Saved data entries
(* Let $S\subset\mathbb{N}\oplus\mathbb{Z}^n$ be an ample graded semigroup with restricted growth. Then: 1) the cone $\mathrm{Con}(S)$ is strictly convex, i.e. the Newton convex set $\Delta(S)$ is bounded; 2) for $k>0$ let $d(k)$ be the maximum of the distances from the points $(k,x)$ to the boundary of $\mathrm{Con}(S)$, over $x\in M_S(k)\setminus S_k$ (with $d(k)=0$ if this set is empty). Then $\lim_{k\to\infty} d(k)/k=0$.
   Context: For a subsemigroup $S\subset\mathbb{N}\oplus\mathbb{Z}^n$ and $k>0$, $S_k=\{x\in\mathbb{Z}^n:(k,x)\in S\}$. $S$ is graded if each $S_k$ ($k>0$) is finite and non-empty; ample if there is $m$ such that the differences $a-b$, $a,b\in S_m$, generate $\mathbb{Z}^n$; of restricted growth if there is a constant $C$ with $\#S_k\le Ck^n$ for all $k>0$. $\mathrm{Con}(S)\subset\mathbb{R}^{n+1}$ is the closed convex cone generated by $S\cup\{0\}$; $M_S=\mathrm{Con}(S)\cap(\mathbb{N}\oplus\mathbb{Z}^n)$ and $M_S(k)=\{x:(k,x)\in M_S\}$. The Newton convex set is $\Delta(S)=\{x\in\mathbb{R}^n:(1,x)\in\mathrm{Con}(S)\}$. *)

theory Defs
  imports "HOL-Analysis.Analysis"
begin

text \<open>A subsemigroup S of N (+) Z^n is modelled as a set of pairs (k, x) with
  k :: nat and x :: int ^ 'n, where the finite type 'n indexes the coordinates
  (so n = CARD('n)).\<close>

definition is_semigroup :: "(nat \<times> (int ^ 'n)) set \<Rightarrow> bool" where
  "is_semigroup S \<longleftrightarrow> (\<forall>a\<in>S. \<forall>b\<in>S. a + b \<in> S)"

definition slice :: "(nat \<times> (int ^ 'n)) set \<Rightarrow> nat \<Rightarrow> (int ^ 'n) set" where
  "slice S k = {x. (k, x) \<in> S}"

definition graded :: "(nat \<times> (int ^ 'n)) set \<Rightarrow> bool" where
  "graded S \<longleftrightarrow> (\<forall>k>0. finite (slice S k) \<and> slice S k \<noteq> {})"

definition subgroup_generated :: "'a::ab_group_add set \<Rightarrow> 'a set" where
  "subgroup_generated D = (\<lambda>G. 0 \<in> G \<and> (\<forall>x\<in>G. \<forall>y\<in>G. x - y \<in> G)) hull D"

definition ample :: "(nat \<times> (int ^ 'n)) set \<Rightarrow> bool" where
  "ample S \<longleftrightarrow> (\<exists>m. subgroup_generated {a - b | a b. a \<in> slice S m \<and> b \<in> slice S m} = UNIV)"

definition restricted_growth :: "(nat \<times> (int ^ 'n)) set \<Rightarrow> bool" where
  "restricted_growth S \<longleftrightarrow>
     (\<exists>C::real. \<forall>k>0. real (card (slice S k)) \<le> C * real k ^ CARD('n))"

definition emb :: "nat \<times> (int ^ 'n) \<Rightarrow> real \<times> (real ^ 'n)" where
  "emb p = (real (fst p), (\<chi> i. real_of_int (snd p $ i)))"

definition Con :: "(nat \<times> (int ^ 'n)) set \<Rightarrow> (real \<times> (real ^ 'n)) set" where
  "Con S = (\<lambda>T. closed T \<and> convex T \<and> cone T) hull (insert 0 (emb ` S))"

definition M_S :: "(nat \<times> (int ^ 'n)) set \<Rightarrow> nat \<Rightarrow> (int ^ 'n) set" where
  "M_S S k = {x. emb (k, x) \<in> Con S}"

definition Newton_set :: "(nat \<times> (int ^ 'n)) set \<Rightarrow> (real ^ 'n) set" where
  "Newton_set S = {x. (1, x) \<in> Con S}"

definition dfun :: "(nat \<times> (int ^ 'n)) set \<Rightarrow> nat \<Rightarrow> real" where
  "dfun S k = (let A = M_S S k - slice S k in
     if A = {} then 0 else Sup ((\<lambda>x. infdist (emb (k, x)) (frontier (Con S))) ` A))"

end

theory Submission
  imports Defs
begin

(* Since S is ample, every integer point of R^(n+1) is a difference of two points of
   S \<union> {0}; hence one element w of S shifts all integer points of norm at most L into S.
   A compact set of points lying uniformly inside Con(S) is covered by the cone over finitely
   many elements F of S. If an integer point y = (k,x) has distance at least e*k from the
   boundary of Con(S) and norm at most R*k, then for large k the point y - w is a nonnegative
   combination of F; rounding the coefficients down writes y - w as an element of S plus an
   integer point of norm at most the sum of the norms of F, so y lies in S.

   If Delta(S) were unbounded, it would contain any number N of points with mutual distances
   above 2e; around each of them level k of Con(S) contains a box of side comparable to e*k
   whose integer points all lie in S_k, and these boxes are disjoint, so #S_k grows at least
   like N (e k)^n, against restricted growth. Once Delta(S) is bounded, |u| <= R u_0 on Con(S),
   and the argument above shows that no point of M_S(k) - S_k has distance e*k from the
   boundary for large k, i.e. d(k) < e*k. *)

section \<open>Convex cones\<close>

lemma convex_cone_hull_finite_subset:
  assumes "x \<in> convex_cone hull E"
  obtains F where "finite F" "F \<subseteq> E" "x \<in> convex_cone hull F"
proof -
  let ?U = "\<Union>{convex_cone hull F | F. finite F \<and> F \<subseteq> E}"
  have "convex_cone hull E \<subseteq> ?U"
  proof (rule hull_minimal)
    show "E \<subseteq> ?U"
    proof
      fix x assume "x \<in> E"
      then show "x \<in> ?U"
        by (intro UnionI[of "convex_cone hull {x}"]) (auto intro: hull_inc)
    qed
    show "convex_cone ?U"
    proof (intro convex_cone_iff[THEN iffD2] conjI ballI allI impI)
      show "0 \<in> ?U"
        using convex_cone_hull_contains_0[of "{}"] by blast
    next
      fix x y assume "x \<in> ?U" "y \<in> ?U"
      then obtain F G where F: "finite F" "F \<subseteq> E" "x \<in> convex_cone hull F"
        and G: "finite G" "G \<subseteq> E" "y \<in> convex_cone hull G"
        by blast
      then have "x \<in> convex_cone hull (F \<union> G)" "y \<in> convex_cone hull (F \<union> G)"
        by (meson Un_upper1 Un_upper2 hull_mono subsetD)+
      then have "x + y \<in> convex_cone hull (F \<union> G)"
        by (rule convex_cone_hull_add)
      then show "x + y \<in> ?U"
        using F G by blast
    next
      fix x and c :: real assume "x \<in> ?U" "0 \<le> c"
      then show "c *\<^sub>R x \<in> ?U"
        using convex_cone_hull_mul by blast
    qed
  qed
  then show ?thesis
    using assms that by blast
qed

WHAT THIS TASK INVOLVES. Repeat the lines above exactly.

EXPECTED ANSWER.
(* Let $S\subset\mathbb{N}\oplus\mathbb{Z}^n$ be an ample graded semigroup with restricted growth. Then: 1) the cone $\mathrm{Con}(S)$ is strictly convex, i.e. the Newton convex set $\Delta(S)$ is bounded; 2) for $k>0$ let $d(k)$ be the maximum of the distances from the points $(k,x)$ to the boundary of $\mathrm{Con}(S)$, over $x\in M_S(k)\setminus S_k$ (with $d(k)=0$ if this set is empty). Then $\lim_{k\to\infty} d(k)/k=0$.
   Context: For a subsemigroup $S\subset\mathbb{N}\oplus\mathbb{Z}^n$ and $k>0$, $S_k=\{x\in\mathbb{Z}^n:(k,x)\in S\}$. $S$ is graded if each $S_k$ ($k>0$) is finite and non-empty; ample if there is $m$ such that the differences $a-b$, $a,b\in S_m$, generate $\mathbb{Z}^n$; of restricted growth if there is a constant $C$ with $\#S_k\le Ck^n$ for all $k>0$. $\mathrm{Con}(S)\subset\mathbb{R}^{n+1}$ is the closed convex cone generated by $S\cup\{0\}$; $M_S=\mathrm{Con}(S)\cap(\mathbb{N}\oplus\mathbb{Z}^n)$ and $M_S(k)=\{x:(k,x)\in M_S\}$. The Newton convex set is $\Delta(S)=\{x\in\mathbb{R}^n:(1,x)\in\mathrm{Con}(S)\}$. *)

theory Defs
  imports "HOL-Analysis.Analysis"
begin

text \<open>A subsemigroup S of N (+) Z^n is modelled as a set of pairs (k, x) with
  k :: nat and x :: int ^ 'n, where the finite type 'n indexes the coordinates
  (so n = CARD('n)).\<close>

definition is_semigroup :: "(nat \<times> (int ^ 'n)) set \<Rightarrow> bool" where
  "is_semigroup S \<longleftrightarrow> (\<forall>a\<in>S. \<forall>b\<in>S. a + b \<in> S)"

definition slice :: "(nat \<times> (int ^ 'n)) set \<Rightarrow> nat \<Rightarrow> (int ^ 'n) set" where
  "slice S k = {x. (k, x) \<in> S}"

definition graded :: "(nat \<times> (int ^ 'n)) set \<Rightarrow> bool" where
  "graded S \<longleftrightarrow> (\<forall>k>0. finite (slice S k) \<and> slice S k \<noteq> {})"

definition subgroup_generated :: "'a::ab_group_add set \<Rightarrow> 'a set" where
  "subgroup_generated D = (\<lambda>G. 0 \<in> G \<and> (\<forall>x\<in>G. \<forall>y\<in>G. x - y \<in> G)) hull D"

definition ample :: "(nat \<times> (int ^ 'n)) set \<Rightarrow> bool" where
  "ample S \<longleftrightarrow> (\<exists>m. subgroup_generated {a - b | a b. a \<in> slice S m \<and> b \<in> slice S m} = UNIV)"

definition restricted_growth :: "(nat \<times> (int ^ 'n)) set \<Rightarrow> bool" where
  "restricted_growth S \<longleftrightarrow>
     (\<exists>C::real. \<forall>k>0. real (card (slice S k)) \<le> C * real k ^ CARD('n))"

definition emb :: "nat \<times> (int ^ 'n) \<Rightarrow> real \<times> (real ^ 'n)" where
  "emb p = (real (fst p), (\<chi> i. real_of_int (snd p $ i)))"

definition Con :: "(nat \<times> (int ^ 'n)) set \<Rightarrow> (real \<times> (real ^ 'n)) set" where
  "Con S = (\<lambda>T. closed T \<and> convex T \<and> cone T) hull (insert 0 (emb ` S))"

definition M_S :: "(nat \<times> (int ^ 'n)) set \<Rightarrow> nat \<Rightarrow> (int ^ 'n) set" where
  "M_S S k = {x. emb (k, x) \<in> Con S}"

definition Newton_set :: "(nat \<times> (int ^ 'n)) set \<Rightarrow> (real ^ 'n) set" where
  "Newton_set S = {x. (1, x) \<in> Con S}"

definition dfun :: "(nat \<times> (int ^ 'n)) set \<Rightarrow> nat \<Rightarrow> real" where
  "dfun S k = (let A = M_S S k - slice S k in
     if A = {} then 0 else Sup ((\<lambda>x. infdist (emb (k, x)) (frontier (Con S))) ` A))"

end

theory Submission
  imports Defs
begin

(* Since S is ample, every integer point of R^(n+1) is a difference of two points of
   S \<union> {0}; hence one element w of S shifts all integer points of norm at most L into S.
   A compact set of points lying uniformly inside Con(S) is covered by the cone over finitely
   many elements F of S. If an integer point y = (k,x) has distance at least e*k from the
   boundary of Con(S) and norm at most R*k, then for large k the point y - w is a nonnegative
   combination of F; rounding the coefficients down writes y - w as an element of S plus an
   integer point of norm at most the sum of the norms of F, so y lies in S.

   If Delta(S) were unbounded, it would contain any number N of points with mutual distances
   above 2e; around each of them level k of Con(S) contains a box of side comparable to e*k
   whose integer points all lie in S_k, and these boxes are disjoint, so #S_k grows at least
   like N (e k)^n, against restricted growth. Once Delta(S) is bounded, |u| <= R u_0 on Con(S),
   and the argument above shows that no point of M_S(k) - S_k has distance e*k from the
   boundary for large k, i.e. d(k) < e*k. *)

section \<open>Convex cones\<close>

lemma convex_cone_hull_finite_subset:
  assumes "x \<in> convex_cone hull E"
  obtains F where "finite F" "F \<subseteq> E" "x \<in> convex_cone hull F"
proof -
  let ?U = "\<Union>{convex_cone hull F | F. finite F \<and> F \<subseteq> E}"
  have "convex_cone hull E \<subseteq> ?U"
  proof (rule hull_minimal)
    show "E \<subseteq> ?U"
    proof
      fix x assume "x \<in> E"
      then show "x \<in> ?U"
        by (intro UnionI[of "convex_cone hull {x}"]) (auto intro: hull_inc)
    qed
    show "convex_cone ?U"
    proof (intro convex_cone_iff[THEN iffD2] conjI ballI allI impI)
      show "0 \<in> ?U"
        using convex_cone_hull_contains_0[of "{}"] by blast
    next
      fix x y assume "x \<in> ?U" "y \<in> ?U"
      then obtain F G where F: "finite F" "F \<subseteq> E" "x \<in> convex_cone hull F"
        and G: "finite G" "G \<subseteq> E" "y \<in> convex_cone hull G"
        by blast
      then have "x \<in> convex_cone hull (F \<union> G)" "y \<in> convex_cone hull (F \<union> G)"
        by (meson Un_upper1 Un_upper2 hull_mono subsetD)+
      then have "x + y \<in> convex_cone hull (F \<union> G)"
        by (rule convex_cone_hull_add)
      then show "x + y \<in> ?U"
        using F G by blast
    next
      fix x and c :: real assume "x \<in> ?U" "0 \<le> c"
      then show "c *\<^sub>R x \<in> ?U"
        using convex_cone_hull_mul by blast
    qed
  qed
  then show ?thesis
    using assms that by blast
qed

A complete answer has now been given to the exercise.